閉まったのを確認して頭を上げ、先程の藤堂様を思い出す。

少し疲れてらしたな…
だけど、そのせいか何だか色気があって…
しかもただいまって…!
ただいまって言ってくれた…!!
ああ、何か用を頼んでくだされば少しだけでも話しが出来たのに…


もちろん表情は変えない。
だから、私がこんな事考えているだなんて誰も思ってもみないだろう。


そう、私は12年前、あの方に出会った時からあの方を忘れられない――。



夜の20時。

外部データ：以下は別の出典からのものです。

(* Let $W=\{0,\tfrac16,\tfrac13,\tfrac12\}\subset S^1$. Then $P(W)$ holds.
   Context: Identify $S^1$ with $\mathbb{R}/\mathbb{Z}$. The group $O(2)$ acts on $S^1$ by translations $x\mapsto x+a$ and reflections $x\mapsto -x+2a$. A coloring $c:S^1\to\{R,B\}$ is distinguishing if no non-identity $\gamma\in O(2)$ satisfies $c\circ\gamma=c$. For $W\subset S^1$ with trivial pointwise stabilizer in $O(2)$, $P(W)$ holds if every precoloring $c:S^1\setminus W\to\{R,B\}$ extends to a distinguishing coloring of $S^1$. *)

theory Defs
  imports Complex_Main
begin

text \<open>S^1 = R/Z is modelled by reals modulo 1: a function on S^1 is a
  1-periodic function on the reals, and a subset of S^1 is given by a set of
  representatives W (a real x lies in W as a point of S^1 iff x - w is an
  integer for some w in W).\<close>

datatype color = R | B

definition periodic1 :: "(real \<Rightarrow> 'b) \<Rightarrow> bool" where
  "periodic1 f \<longleftrightarrow> (\<forall>x. f (x + 1) = f x)"

definition in_circle_set :: "real \<Rightarrow> real set \<Rightarrow> bool" where
  "in_circle_set x W \<longleftrightarrow> (\<exists>w\<in>W. x - w \<in> \<int>)"

text \<open>A coloring of S^1 is distinguishing if no non-identity element of O(2)
  preserves it. Translations x + a are the identity iff a is an integer;
  reflections x \<mapsto> -x + 2a are never the identity on S^1.\<close>

definition distinguishing :: "(real \<Rightarrow> color) \<Rightarrow> bool" where
  "distinguishing c \<longleftrightarrow>
     (\<forall>a. (\<forall>x. c (x + a) = c x) \<longrightarrow> a \<in> \<int>) \<and>
     (\<forall>a. \<not> (\<forall>x. c (- x + 2 * a) = c x))"

text \<open>P(W): every precoloring of S^1 minus W extends to a distinguishing
  coloring. A precoloring is represented by any periodic coloring p whose
  values on W are ignored.\<close>

definition P :: "real set \<Rightarrow> bool" where
  "P W \<longleftrightarrow> (\<forall>p. periodic1 p \<longrightarrow>
     (\<exists>c. periodic1 c \<and> (\<forall>x. \<not> in_circle_set x W \<longrightarrow> c x = p x) \<and> distinguishing c))"

end

theory Submission
  imports Defs
begin

(* Given the precoloring p, we color the four points
   of W so that the hexagon {0, 1/6, ..., 5/6} has no reflection symmetry and one of
   two color patterns holds on W.  We show that then one of c and the four colorings
   flip c w (c with the color of the single point w \<in> W changed) is distinguishing.
   1. Two colorings differing at exactly one point w cannot both have non-trivial
      translations, and a reflection of one together with a translation of the other
      forces the reflection to fix w.
   2. Hence, if all five colorings are symmetric, c is invariant under a reflection
      x \<mapsto> a - x with a off the lattice (1/6)\<int>, and each flip c w under a reflection
      x \<mapsto> \<alpha> w - x that neither fixes w nor agrees with the first one
      (locale reflection_data).
   3. Following a point along compositions of these reflections yields congruences
      modulo 1 between a and the \<alpha> w: a sum rule and a difference rule for points of
      equal color, and an opposite rule for points of different colors.
   4. For both color patterns on W these congruences are inconsistent.
   Finally every precoloring extends to a coloring with one of these patterns and
   without reflections of the hexagon, which yields the theorem. *)

fun other :: "color \<Rightarrow> color" where
  "other R = B" | "other B = R"

lemma other_neq [simp]: "other x \<noteq> x" "x \<noteq> other x"
  by (cases x; simp)+

lemma other_other [simp]: "other (other x) = x"
  by (cases x) simp_all

lemma other_eq_iff [simp]: "other x = other y \<longleftrightarrow> x = y"
  by (cases x; cases y) simp_all

lemma neq_other_iff: "x \<noteq> y \<longleftrightarrow> y = other x"
  by (cases x; cases y) simp_all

夜間の者と交代し、帰路に着く。

自宅は電車で一時間、最寄り駅から歩いて30分のボロアパートだ。


仕事が大変な分、お給料はなかなかに頂いているが、仕送りにかなりを使っているため、勤め先近くに住むには少し厳しいのだ。

家賃5万7千円。
都心近くにしてはかなり安い方だろう。ボロいが。

まあ自宅は寝にしか帰っていないし、特に問題はない。

帰宅する頃にはもう22時近く。
仕事は8時間交代制だから、明日は昼前に家を出ればいい。

シャワーを浴び、10分でチャーハンとサラダを作り勉強しながら食べる。

学ばなければならないことはまだまだ沢山あるのだ。

勉強を続け、午前0時を回る頃就寝。

詰まらなそうに思えても、私はこの生活に満足していた。





*





翌日。今日は上司とぶつかった。

上司といってもコネで入った、現場経験もなく気が小さいくせに態度だけは大きい、職権乱用パワハラセクハラ何でもするような上司だ。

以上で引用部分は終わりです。